* PROBLEM:
In the entries that follow, find the word "Pstar" and report each line it is on.

[Stored data entries]

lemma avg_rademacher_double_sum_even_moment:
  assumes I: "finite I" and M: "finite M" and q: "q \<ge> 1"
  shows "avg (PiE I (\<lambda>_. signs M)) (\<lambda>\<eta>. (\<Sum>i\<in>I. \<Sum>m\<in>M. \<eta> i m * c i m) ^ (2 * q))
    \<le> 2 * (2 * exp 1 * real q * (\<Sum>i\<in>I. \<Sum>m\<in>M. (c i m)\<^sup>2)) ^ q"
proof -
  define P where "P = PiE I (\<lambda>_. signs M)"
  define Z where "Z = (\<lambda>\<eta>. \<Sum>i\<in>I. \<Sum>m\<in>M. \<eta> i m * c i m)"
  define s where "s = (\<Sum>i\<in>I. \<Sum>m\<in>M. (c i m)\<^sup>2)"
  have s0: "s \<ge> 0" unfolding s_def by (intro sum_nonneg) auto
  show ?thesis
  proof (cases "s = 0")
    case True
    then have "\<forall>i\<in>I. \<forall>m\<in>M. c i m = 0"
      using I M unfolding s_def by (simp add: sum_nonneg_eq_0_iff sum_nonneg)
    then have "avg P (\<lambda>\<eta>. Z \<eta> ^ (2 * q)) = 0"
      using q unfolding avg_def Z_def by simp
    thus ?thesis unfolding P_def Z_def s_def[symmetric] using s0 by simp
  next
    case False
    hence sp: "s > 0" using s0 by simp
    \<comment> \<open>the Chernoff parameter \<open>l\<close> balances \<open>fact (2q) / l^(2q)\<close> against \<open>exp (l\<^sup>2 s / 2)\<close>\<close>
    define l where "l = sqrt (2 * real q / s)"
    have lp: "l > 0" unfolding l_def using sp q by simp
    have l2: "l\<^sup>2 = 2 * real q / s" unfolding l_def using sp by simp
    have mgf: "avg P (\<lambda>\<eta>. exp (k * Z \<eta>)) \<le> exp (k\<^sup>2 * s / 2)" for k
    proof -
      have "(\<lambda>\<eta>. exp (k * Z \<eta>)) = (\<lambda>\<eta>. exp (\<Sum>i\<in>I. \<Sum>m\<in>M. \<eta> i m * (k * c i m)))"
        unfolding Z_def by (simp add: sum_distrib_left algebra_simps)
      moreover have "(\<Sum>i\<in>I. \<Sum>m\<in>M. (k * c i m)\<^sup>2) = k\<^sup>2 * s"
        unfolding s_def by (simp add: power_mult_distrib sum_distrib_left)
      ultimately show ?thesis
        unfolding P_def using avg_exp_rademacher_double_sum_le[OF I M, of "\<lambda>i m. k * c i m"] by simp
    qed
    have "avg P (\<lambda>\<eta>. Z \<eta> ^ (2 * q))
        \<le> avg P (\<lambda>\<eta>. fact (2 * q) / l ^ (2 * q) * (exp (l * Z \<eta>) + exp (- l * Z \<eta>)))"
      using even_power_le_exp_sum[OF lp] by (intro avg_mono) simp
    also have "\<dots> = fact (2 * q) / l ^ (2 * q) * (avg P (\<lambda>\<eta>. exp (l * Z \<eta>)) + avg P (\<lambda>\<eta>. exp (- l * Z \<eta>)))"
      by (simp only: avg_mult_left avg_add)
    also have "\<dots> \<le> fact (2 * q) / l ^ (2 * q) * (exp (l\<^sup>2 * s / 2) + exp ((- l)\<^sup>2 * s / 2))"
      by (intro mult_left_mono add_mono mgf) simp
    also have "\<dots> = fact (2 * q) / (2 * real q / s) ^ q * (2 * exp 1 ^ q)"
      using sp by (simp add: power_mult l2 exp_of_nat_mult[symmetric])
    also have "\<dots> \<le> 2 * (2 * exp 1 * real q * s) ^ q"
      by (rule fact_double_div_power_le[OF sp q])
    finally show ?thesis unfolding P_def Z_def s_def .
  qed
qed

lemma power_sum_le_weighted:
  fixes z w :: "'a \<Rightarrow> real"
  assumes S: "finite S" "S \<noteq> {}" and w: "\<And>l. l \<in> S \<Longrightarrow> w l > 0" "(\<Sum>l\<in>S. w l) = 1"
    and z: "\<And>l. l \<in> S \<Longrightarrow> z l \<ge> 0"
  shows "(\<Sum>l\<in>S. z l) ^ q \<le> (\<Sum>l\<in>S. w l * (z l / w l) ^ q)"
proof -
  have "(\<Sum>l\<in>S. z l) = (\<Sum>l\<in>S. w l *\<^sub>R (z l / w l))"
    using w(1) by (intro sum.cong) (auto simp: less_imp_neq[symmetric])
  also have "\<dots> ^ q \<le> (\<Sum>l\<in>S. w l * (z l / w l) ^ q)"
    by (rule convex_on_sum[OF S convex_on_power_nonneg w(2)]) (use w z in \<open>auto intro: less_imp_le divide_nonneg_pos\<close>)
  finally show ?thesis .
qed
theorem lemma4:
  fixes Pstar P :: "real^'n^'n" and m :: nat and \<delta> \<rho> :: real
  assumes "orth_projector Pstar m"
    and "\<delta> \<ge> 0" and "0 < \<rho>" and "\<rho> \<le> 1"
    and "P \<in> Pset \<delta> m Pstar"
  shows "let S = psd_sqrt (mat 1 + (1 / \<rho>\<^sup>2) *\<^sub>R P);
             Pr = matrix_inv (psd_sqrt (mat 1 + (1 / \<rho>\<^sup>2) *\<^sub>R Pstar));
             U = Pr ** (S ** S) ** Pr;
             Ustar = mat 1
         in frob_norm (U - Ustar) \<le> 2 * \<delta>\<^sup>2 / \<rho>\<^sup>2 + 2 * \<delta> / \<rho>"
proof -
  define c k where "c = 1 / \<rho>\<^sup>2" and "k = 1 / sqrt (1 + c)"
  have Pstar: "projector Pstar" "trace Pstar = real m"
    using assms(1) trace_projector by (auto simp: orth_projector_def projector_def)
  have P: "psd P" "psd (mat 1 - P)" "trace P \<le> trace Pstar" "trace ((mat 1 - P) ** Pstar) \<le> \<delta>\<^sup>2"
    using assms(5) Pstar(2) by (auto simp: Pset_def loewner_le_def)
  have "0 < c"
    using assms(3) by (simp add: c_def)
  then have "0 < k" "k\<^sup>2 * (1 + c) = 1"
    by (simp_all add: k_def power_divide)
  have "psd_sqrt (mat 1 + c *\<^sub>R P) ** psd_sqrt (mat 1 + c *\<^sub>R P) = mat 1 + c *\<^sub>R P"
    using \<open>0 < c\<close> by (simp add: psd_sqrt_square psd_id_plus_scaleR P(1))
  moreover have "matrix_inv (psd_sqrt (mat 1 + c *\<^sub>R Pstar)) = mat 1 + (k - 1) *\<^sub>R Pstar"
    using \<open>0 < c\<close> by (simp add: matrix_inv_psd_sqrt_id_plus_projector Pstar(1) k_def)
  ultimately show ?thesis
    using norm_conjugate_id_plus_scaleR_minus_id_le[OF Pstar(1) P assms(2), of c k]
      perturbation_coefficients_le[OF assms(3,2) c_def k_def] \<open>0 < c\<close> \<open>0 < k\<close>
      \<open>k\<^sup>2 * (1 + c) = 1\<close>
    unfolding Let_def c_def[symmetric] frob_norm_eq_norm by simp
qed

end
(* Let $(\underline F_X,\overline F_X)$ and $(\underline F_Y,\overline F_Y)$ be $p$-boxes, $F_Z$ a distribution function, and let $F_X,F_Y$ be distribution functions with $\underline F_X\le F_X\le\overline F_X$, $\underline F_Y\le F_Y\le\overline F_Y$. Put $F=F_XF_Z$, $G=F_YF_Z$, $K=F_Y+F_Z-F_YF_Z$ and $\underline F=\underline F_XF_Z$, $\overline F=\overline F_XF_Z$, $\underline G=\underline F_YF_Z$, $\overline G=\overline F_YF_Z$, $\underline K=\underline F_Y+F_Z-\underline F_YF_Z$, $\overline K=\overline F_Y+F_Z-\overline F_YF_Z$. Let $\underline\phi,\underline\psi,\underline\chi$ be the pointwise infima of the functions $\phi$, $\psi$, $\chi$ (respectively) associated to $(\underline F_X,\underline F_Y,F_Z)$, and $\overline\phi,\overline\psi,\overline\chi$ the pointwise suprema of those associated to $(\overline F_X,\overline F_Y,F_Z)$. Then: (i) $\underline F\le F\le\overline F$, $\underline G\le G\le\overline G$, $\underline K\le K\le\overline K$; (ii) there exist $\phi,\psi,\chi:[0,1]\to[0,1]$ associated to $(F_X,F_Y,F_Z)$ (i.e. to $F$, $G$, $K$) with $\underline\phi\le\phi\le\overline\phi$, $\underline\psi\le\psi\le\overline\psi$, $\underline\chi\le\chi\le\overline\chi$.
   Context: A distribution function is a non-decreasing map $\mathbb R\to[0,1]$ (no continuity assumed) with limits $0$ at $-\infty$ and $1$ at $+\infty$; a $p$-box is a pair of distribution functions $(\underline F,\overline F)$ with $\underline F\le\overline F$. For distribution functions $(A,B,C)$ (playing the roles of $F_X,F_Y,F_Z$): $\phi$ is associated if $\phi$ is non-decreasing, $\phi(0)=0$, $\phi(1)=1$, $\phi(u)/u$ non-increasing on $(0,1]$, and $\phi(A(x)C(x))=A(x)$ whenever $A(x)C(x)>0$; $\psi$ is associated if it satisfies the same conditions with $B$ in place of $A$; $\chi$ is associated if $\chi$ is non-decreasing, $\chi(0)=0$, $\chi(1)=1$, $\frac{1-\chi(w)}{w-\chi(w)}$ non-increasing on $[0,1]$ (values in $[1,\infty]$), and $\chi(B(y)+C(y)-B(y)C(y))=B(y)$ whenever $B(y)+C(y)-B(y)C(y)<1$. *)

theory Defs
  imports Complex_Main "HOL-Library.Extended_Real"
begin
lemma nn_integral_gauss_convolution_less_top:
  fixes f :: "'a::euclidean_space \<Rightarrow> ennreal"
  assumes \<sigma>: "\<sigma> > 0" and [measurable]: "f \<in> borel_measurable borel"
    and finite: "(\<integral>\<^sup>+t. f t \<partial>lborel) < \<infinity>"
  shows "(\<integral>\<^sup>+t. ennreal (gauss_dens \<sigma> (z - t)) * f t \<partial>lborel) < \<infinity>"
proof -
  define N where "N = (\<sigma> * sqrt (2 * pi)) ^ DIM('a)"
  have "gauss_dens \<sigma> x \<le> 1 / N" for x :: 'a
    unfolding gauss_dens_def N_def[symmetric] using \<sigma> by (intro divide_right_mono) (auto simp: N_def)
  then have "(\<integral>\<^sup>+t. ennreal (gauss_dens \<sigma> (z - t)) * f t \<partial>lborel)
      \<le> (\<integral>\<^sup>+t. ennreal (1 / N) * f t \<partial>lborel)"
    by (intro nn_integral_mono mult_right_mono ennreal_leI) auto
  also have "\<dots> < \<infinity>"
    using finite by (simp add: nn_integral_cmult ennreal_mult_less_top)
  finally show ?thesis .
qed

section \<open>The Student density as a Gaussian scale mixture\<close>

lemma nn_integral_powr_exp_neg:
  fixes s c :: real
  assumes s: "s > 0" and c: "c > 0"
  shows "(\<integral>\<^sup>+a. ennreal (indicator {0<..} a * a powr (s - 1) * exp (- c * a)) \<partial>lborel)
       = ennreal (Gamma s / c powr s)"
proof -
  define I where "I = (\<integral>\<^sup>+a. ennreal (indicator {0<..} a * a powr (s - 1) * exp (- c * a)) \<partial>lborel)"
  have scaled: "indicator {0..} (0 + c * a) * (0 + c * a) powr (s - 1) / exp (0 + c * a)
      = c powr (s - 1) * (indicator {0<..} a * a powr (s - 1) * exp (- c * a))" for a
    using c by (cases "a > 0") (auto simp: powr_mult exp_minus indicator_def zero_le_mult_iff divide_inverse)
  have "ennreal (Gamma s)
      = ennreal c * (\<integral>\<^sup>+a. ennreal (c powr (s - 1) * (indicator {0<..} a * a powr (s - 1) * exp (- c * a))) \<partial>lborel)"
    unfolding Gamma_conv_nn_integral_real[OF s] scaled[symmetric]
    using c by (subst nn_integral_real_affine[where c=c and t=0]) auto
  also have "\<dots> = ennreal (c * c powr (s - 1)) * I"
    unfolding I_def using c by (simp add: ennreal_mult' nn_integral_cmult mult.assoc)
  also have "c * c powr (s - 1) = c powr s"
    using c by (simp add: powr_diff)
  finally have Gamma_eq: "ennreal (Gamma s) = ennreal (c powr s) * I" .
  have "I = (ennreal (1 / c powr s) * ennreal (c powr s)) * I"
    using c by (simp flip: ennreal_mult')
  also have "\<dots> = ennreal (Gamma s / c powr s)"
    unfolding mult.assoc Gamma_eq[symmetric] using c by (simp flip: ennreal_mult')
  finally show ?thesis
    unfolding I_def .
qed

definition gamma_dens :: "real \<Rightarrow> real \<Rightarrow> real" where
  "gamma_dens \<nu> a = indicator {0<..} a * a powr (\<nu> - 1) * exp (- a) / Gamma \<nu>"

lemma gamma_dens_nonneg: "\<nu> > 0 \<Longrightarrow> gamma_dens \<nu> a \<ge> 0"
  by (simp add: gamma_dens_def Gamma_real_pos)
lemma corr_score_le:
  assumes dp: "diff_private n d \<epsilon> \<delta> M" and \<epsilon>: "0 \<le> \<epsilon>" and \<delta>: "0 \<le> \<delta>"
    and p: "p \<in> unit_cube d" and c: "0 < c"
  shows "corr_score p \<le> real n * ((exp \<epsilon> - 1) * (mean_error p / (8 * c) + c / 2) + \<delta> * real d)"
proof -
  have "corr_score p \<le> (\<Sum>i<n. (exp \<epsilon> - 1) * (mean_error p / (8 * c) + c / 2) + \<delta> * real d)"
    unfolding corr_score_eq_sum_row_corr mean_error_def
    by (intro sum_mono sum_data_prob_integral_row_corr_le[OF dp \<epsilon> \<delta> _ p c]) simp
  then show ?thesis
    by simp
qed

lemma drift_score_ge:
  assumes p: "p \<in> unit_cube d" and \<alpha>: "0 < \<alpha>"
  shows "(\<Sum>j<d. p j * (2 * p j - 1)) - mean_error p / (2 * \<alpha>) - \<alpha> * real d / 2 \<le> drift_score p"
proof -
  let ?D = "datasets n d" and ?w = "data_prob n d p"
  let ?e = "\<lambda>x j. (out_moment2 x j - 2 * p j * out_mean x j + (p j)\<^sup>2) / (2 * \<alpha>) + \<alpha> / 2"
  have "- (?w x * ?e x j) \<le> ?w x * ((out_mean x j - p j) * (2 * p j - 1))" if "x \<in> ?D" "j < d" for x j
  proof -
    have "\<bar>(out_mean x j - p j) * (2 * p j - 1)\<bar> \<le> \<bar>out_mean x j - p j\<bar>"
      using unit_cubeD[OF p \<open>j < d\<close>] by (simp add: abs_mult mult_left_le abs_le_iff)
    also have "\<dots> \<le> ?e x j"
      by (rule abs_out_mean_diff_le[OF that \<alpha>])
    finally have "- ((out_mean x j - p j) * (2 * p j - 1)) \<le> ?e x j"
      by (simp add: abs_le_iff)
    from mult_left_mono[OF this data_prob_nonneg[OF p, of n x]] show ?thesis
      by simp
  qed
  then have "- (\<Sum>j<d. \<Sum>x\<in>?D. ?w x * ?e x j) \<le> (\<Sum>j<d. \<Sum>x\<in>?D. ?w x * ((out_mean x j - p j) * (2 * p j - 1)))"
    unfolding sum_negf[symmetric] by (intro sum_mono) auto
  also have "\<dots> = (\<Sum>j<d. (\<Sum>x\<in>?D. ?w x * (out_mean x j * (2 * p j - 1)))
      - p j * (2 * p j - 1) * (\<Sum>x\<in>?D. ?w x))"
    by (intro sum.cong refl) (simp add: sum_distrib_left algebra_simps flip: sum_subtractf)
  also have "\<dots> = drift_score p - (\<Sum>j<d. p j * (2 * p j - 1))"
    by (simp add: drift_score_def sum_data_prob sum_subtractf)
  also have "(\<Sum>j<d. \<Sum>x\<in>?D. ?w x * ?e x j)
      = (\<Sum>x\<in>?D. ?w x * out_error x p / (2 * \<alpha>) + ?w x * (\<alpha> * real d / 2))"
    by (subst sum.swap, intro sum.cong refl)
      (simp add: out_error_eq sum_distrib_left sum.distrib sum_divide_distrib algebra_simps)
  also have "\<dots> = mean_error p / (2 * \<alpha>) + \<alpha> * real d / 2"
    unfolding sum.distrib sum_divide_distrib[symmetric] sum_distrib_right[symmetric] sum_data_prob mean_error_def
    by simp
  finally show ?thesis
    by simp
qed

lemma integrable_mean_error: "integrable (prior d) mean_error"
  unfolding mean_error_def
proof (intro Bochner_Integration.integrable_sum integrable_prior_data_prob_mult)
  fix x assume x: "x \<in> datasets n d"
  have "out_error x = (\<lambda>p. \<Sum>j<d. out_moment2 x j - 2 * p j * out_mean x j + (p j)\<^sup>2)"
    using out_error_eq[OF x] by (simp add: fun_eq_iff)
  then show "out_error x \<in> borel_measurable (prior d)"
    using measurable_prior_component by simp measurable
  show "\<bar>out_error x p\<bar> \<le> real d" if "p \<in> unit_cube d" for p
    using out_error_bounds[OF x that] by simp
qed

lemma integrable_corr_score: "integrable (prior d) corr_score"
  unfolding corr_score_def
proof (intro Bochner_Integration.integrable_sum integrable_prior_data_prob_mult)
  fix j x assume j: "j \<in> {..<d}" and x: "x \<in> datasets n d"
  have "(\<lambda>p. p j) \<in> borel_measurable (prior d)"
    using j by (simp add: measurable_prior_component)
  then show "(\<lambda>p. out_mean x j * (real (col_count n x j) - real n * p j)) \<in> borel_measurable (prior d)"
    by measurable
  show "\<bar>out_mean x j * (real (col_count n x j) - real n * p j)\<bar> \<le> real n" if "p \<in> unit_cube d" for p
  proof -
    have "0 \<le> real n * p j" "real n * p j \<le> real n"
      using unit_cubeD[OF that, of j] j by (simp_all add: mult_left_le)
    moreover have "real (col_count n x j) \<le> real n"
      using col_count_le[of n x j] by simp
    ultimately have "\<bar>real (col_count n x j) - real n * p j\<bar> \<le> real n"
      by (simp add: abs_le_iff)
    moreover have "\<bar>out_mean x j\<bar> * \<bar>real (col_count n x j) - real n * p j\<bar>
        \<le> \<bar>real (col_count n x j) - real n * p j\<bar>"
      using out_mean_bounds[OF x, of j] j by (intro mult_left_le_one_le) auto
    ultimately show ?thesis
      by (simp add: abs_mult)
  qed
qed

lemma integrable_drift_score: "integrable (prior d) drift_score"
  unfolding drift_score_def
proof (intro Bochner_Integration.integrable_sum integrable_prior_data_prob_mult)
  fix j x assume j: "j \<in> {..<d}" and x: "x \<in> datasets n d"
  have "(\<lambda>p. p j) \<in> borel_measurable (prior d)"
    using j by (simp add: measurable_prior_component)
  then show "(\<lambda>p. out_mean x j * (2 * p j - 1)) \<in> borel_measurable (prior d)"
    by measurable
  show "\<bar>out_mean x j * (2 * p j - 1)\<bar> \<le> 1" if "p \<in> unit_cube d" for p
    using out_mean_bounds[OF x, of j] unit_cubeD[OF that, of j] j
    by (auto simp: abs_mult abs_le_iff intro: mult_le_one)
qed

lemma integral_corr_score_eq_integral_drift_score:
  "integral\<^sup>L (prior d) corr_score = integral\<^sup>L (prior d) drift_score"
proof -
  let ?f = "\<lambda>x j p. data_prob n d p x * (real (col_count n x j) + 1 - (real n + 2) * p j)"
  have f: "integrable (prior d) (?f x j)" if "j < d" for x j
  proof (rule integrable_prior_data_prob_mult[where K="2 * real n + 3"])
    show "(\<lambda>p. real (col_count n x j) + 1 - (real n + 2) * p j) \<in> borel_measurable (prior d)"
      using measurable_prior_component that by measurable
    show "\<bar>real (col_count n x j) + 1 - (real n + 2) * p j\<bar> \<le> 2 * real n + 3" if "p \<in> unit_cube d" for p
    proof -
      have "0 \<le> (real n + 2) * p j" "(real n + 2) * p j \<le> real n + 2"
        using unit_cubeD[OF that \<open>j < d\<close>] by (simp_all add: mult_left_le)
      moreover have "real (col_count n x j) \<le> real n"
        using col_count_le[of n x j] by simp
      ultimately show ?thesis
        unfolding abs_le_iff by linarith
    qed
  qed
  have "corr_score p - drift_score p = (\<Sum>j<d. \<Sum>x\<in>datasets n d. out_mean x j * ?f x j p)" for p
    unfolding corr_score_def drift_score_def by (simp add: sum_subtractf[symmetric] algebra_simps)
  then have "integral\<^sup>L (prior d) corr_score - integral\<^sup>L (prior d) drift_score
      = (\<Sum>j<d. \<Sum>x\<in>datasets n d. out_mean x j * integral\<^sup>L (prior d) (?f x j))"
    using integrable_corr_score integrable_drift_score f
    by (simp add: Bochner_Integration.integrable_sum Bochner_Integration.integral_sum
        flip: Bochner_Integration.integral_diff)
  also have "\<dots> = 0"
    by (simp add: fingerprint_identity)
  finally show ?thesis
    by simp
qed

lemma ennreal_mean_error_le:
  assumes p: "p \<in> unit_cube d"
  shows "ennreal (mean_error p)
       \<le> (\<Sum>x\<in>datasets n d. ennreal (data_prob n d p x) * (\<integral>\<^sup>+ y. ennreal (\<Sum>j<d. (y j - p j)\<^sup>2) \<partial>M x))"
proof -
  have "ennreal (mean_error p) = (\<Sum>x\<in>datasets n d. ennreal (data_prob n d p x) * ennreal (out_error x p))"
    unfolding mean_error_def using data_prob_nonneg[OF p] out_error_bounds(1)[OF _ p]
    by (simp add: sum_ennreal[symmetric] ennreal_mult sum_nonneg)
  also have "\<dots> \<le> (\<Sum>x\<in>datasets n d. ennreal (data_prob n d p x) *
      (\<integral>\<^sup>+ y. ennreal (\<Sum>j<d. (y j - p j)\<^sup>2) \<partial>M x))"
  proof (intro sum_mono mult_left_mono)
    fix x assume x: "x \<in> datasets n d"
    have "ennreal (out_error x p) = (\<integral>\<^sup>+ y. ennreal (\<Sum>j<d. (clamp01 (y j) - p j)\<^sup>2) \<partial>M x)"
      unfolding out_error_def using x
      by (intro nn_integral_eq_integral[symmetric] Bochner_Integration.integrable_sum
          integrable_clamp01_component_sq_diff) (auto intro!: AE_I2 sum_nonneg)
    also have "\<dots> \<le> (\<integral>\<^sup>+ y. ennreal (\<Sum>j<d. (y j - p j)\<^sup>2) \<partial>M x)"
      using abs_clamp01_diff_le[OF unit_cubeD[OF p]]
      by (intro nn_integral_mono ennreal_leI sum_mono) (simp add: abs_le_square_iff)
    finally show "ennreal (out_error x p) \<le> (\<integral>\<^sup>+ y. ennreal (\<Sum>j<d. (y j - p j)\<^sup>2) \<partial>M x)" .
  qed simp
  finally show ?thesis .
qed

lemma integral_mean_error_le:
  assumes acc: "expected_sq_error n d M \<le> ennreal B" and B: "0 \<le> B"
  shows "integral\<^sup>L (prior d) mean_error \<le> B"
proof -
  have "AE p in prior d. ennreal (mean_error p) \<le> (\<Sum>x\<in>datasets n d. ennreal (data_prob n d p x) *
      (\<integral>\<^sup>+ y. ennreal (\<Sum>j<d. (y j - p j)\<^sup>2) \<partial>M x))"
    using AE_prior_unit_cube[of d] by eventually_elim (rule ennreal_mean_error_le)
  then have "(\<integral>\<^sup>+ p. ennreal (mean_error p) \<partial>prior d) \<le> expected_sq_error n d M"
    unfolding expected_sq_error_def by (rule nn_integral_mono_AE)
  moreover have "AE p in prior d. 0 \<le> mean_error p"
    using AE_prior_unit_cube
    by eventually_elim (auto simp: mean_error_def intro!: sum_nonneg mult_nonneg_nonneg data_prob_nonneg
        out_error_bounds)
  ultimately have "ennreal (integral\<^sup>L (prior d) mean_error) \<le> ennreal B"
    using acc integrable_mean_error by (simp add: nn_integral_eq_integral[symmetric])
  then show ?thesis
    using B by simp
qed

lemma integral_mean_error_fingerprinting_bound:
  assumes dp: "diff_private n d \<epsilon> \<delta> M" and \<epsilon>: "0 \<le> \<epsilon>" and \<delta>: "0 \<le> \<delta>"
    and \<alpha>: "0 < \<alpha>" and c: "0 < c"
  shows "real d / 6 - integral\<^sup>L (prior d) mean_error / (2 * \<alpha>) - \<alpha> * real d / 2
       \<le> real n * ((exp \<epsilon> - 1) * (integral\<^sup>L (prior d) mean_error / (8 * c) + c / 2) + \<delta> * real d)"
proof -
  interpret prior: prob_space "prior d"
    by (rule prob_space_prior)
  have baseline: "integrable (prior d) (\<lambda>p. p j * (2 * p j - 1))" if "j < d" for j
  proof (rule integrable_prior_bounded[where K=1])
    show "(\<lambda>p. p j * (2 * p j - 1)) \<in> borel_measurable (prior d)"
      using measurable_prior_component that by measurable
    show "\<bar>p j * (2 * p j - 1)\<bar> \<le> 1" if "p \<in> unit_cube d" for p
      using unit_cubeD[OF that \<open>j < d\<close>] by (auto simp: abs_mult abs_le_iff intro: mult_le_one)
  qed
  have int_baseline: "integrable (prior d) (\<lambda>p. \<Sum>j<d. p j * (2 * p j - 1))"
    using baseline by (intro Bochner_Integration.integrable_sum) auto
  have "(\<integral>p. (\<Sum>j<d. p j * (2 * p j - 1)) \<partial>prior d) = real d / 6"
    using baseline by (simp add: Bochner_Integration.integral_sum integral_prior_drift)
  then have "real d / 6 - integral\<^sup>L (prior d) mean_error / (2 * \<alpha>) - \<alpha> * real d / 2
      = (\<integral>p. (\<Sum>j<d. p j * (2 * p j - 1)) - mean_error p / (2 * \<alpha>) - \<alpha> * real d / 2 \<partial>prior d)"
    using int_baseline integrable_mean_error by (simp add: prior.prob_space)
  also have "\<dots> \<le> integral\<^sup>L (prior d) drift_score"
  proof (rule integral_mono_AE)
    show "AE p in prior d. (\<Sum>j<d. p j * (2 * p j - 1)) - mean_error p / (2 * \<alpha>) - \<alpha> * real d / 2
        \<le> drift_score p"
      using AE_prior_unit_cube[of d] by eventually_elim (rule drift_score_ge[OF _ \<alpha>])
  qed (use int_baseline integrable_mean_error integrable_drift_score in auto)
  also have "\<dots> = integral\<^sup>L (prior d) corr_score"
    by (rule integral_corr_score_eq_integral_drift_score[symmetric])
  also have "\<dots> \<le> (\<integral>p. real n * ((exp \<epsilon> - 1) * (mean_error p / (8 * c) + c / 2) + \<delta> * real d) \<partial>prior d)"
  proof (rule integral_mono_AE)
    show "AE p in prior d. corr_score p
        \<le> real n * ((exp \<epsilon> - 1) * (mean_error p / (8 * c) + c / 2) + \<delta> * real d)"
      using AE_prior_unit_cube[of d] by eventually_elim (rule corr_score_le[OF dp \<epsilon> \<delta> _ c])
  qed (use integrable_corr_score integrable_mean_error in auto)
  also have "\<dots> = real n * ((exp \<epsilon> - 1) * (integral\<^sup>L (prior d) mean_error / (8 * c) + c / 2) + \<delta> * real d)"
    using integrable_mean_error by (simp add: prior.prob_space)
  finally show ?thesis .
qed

* ANSWER TO THIS PROBLEM:
  fixes Pstar P :: "real^'n^'n" and m :: nat and \<delta> \<rho> :: real
  assumes "orth_projector Pstar m"
    and "P \<in> Pset \<delta> m Pstar"
             Pr = matrix_inv (psd_sqrt (mat 1 + (1 / \<rho>\<^sup>2) *\<^sub>R Pstar));
  have Pstar: "projector Pstar" "trace Pstar = real m"
  have P: "psd P" "psd (mat 1 - P)" "trace P \<le> trace Pstar" "trace ((mat 1 - P) ** Pstar) \<le> \<delta>\<^sup>2"
    using assms(5) Pstar(2) by (auto simp: Pset_def loewner_le_def)
  moreover have "matrix_inv (psd_sqrt (mat 1 + c *\<^sub>R Pstar)) = mat 1 + (k - 1) *\<^sub>R Pstar"
    using \<open>0 < c\<close> by (simp add: matrix_inv_psd_sqrt_id_plus_projector Pstar(1) k_def)
    using norm_conjugate_id_plus_scaleR_minus_id_le[OF Pstar(1) P assms(2), of c k]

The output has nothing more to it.